START Extracted material
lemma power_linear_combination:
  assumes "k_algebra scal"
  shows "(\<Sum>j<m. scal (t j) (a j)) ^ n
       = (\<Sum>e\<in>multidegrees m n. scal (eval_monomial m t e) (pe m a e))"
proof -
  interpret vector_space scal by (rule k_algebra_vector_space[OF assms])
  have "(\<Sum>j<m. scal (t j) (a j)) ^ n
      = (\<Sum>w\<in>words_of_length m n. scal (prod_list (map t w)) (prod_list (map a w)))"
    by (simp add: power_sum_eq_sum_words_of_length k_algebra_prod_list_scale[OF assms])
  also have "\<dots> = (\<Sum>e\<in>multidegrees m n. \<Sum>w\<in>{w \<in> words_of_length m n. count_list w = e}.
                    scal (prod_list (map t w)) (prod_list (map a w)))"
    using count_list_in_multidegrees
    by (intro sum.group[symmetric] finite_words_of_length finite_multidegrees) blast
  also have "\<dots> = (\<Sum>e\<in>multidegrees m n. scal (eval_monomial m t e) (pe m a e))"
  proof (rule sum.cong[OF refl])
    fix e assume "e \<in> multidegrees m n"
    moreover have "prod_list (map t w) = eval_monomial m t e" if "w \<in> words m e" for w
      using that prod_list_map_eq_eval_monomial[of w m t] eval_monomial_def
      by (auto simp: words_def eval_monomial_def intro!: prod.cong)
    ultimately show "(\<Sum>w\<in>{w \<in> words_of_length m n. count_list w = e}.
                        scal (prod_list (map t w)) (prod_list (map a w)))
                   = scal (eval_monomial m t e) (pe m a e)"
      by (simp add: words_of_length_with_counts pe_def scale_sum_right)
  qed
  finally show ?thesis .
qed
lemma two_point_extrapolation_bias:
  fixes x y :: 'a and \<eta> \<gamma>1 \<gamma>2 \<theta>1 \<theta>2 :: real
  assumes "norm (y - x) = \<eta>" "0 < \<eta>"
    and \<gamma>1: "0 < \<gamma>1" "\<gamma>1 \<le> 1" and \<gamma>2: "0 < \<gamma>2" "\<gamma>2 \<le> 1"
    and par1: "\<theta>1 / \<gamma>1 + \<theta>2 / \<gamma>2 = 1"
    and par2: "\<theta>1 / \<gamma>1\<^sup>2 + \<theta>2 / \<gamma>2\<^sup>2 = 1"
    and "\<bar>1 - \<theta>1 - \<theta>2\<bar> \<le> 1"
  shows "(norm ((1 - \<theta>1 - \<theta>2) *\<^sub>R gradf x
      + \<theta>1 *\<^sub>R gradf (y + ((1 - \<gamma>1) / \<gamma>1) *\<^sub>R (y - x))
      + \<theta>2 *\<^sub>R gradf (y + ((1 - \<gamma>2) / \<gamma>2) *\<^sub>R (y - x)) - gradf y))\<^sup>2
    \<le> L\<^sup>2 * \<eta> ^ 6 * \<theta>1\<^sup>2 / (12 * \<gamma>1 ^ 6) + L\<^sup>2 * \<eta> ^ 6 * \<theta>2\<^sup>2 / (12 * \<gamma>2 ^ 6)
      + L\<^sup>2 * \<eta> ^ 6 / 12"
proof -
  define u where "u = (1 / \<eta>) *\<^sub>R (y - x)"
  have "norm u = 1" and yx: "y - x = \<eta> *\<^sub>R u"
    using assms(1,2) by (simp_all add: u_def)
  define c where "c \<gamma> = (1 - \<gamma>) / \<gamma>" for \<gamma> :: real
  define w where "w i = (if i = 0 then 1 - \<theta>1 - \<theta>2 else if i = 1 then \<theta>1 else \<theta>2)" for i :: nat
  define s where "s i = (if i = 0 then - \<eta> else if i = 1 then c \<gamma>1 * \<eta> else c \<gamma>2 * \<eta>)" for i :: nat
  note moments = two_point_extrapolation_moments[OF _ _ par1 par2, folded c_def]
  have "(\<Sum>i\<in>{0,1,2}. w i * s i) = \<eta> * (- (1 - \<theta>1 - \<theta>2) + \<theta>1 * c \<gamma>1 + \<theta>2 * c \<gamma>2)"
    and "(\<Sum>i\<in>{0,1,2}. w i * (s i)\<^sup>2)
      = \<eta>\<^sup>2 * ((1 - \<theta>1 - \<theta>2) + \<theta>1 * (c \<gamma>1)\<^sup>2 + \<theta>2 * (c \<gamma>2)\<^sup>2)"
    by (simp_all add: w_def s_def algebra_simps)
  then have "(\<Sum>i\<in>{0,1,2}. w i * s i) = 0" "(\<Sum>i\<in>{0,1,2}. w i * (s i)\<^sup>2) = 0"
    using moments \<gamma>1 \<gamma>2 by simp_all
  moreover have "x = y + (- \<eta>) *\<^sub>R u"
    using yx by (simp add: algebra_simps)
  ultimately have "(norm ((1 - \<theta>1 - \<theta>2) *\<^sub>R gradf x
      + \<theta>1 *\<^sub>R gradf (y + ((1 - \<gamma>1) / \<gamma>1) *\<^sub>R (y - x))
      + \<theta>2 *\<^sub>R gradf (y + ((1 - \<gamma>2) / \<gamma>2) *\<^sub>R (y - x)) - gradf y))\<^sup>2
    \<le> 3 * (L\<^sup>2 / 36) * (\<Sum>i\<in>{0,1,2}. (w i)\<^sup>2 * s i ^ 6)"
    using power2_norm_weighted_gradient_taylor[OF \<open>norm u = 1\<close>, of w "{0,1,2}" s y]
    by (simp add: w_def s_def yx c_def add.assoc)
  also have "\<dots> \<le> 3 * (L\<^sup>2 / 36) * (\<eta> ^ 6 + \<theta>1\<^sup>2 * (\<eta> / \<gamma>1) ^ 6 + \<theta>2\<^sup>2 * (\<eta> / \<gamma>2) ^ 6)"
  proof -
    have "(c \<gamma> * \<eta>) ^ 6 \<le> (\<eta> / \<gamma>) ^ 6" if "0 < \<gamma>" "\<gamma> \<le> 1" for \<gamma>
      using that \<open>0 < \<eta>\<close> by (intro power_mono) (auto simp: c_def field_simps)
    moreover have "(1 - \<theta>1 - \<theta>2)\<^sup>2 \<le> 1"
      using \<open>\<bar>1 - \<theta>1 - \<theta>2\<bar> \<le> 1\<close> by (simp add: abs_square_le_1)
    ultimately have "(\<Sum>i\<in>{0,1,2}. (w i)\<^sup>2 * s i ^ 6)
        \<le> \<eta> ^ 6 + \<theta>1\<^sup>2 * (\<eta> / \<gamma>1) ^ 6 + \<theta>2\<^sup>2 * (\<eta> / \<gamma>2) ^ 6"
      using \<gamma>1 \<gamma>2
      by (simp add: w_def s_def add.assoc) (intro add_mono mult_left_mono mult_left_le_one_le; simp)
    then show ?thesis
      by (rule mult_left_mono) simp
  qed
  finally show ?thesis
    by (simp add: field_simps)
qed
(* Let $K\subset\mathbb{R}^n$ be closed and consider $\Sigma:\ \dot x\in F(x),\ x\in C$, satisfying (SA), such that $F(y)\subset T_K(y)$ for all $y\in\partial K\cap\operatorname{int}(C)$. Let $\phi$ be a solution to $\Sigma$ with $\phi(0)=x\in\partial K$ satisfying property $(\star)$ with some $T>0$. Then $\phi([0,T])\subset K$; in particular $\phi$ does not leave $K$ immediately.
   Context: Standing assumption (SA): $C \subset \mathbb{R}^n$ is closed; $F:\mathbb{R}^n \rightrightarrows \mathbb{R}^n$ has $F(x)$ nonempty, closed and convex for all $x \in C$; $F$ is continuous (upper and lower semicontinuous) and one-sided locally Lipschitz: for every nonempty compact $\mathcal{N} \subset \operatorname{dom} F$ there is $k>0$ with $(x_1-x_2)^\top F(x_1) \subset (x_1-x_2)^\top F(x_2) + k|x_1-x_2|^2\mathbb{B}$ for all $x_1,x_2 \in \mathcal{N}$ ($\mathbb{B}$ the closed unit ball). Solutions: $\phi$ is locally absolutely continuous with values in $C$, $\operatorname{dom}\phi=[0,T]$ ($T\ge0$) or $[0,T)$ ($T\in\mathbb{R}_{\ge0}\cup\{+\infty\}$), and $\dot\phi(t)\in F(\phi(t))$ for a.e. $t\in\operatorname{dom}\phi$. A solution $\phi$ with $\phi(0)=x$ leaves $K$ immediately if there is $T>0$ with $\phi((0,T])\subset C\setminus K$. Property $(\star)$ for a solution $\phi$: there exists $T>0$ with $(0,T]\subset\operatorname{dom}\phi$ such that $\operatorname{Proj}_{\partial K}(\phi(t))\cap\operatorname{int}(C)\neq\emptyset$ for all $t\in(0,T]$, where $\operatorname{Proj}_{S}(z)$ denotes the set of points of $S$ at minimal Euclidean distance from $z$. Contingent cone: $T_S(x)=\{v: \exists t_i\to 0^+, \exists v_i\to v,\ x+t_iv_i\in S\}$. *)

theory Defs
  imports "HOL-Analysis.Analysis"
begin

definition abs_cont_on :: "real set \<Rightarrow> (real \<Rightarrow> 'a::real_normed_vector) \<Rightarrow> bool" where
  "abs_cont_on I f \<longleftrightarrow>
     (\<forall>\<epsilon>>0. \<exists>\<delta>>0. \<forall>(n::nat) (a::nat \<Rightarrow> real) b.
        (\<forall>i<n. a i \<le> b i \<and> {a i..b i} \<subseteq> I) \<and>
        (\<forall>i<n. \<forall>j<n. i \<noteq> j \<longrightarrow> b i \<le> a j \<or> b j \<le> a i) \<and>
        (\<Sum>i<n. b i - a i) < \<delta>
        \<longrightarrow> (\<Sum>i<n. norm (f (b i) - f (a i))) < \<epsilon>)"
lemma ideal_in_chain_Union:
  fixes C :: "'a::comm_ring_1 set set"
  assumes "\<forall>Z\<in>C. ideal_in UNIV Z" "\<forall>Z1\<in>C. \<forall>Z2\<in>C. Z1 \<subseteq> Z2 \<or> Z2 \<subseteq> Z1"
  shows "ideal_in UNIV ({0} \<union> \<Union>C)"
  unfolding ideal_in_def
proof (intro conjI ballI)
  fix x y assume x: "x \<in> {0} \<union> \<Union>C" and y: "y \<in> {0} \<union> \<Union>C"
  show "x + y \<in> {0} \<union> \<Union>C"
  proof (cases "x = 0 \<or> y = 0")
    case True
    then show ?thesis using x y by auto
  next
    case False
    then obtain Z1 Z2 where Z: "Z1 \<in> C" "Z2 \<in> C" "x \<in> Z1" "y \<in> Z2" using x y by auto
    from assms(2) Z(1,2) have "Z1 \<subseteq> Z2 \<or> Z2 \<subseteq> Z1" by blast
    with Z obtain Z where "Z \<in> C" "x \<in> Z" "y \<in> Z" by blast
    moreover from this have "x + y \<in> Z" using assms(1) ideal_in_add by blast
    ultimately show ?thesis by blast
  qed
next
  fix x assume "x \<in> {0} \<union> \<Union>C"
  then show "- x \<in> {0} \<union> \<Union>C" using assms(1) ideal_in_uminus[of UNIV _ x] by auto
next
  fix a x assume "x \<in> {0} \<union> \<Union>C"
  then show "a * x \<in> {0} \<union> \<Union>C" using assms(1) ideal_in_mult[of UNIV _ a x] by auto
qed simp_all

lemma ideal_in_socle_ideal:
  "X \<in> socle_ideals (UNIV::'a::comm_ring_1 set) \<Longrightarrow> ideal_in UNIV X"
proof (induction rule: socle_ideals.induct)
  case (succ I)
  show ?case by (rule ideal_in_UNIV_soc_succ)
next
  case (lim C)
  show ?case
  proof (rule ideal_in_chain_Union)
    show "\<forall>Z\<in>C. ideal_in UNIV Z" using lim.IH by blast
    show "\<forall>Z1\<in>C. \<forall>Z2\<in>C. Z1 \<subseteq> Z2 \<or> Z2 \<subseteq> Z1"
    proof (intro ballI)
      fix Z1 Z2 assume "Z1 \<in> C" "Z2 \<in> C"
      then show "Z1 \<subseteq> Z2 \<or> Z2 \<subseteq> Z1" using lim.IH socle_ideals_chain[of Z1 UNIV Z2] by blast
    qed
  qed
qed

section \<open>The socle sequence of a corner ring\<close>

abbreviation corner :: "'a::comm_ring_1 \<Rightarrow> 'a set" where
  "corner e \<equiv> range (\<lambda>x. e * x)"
END Extracted material
## [What you will do]
Give back, exactly as written, the stretch from the line with "unfolding ideal_in_def" through the line with "fix a x assume", and no other lines from the records above.

## [Exercise response]
  unfolding ideal_in_def
proof (intro conjI ballI)
  fix x y assume x: "x \<in> {0} \<union> \<Union>C" and y: "y \<in> {0} \<union> \<Union>C"
  show "x + y \<in> {0} \<union> \<Union>C"
  proof (cases "x = 0 \<or> y = 0")
    case True
    then show ?thesis using x y by auto
  next
    case False
    then obtain Z1 Z2 where Z: "Z1 \<in> C" "Z2 \<in> C" "x \<in> Z1" "y \<in> Z2" using x y by auto
    from assms(2) Z(1,2) have "Z1 \<subseteq> Z2 \<or> Z2 \<subseteq> Z1" by blast
    with Z obtain Z where "Z \<in> C" "x \<in> Z" "y \<in> Z" by blast
    moreover from this have "x + y \<in> Z" using assms(1) ideal_in_add by blast
    ultimately show ?thesis by blast
  qed
next
  fix x assume "x \<in> {0} \<union> \<Union>C"
  then show "- x \<in> {0} \<union> \<Union>C" using assms(1) ideal_in_uminus[of UNIV _ x] by auto
next
  fix a x assume "x \<in> {0} \<union> \<Union>C"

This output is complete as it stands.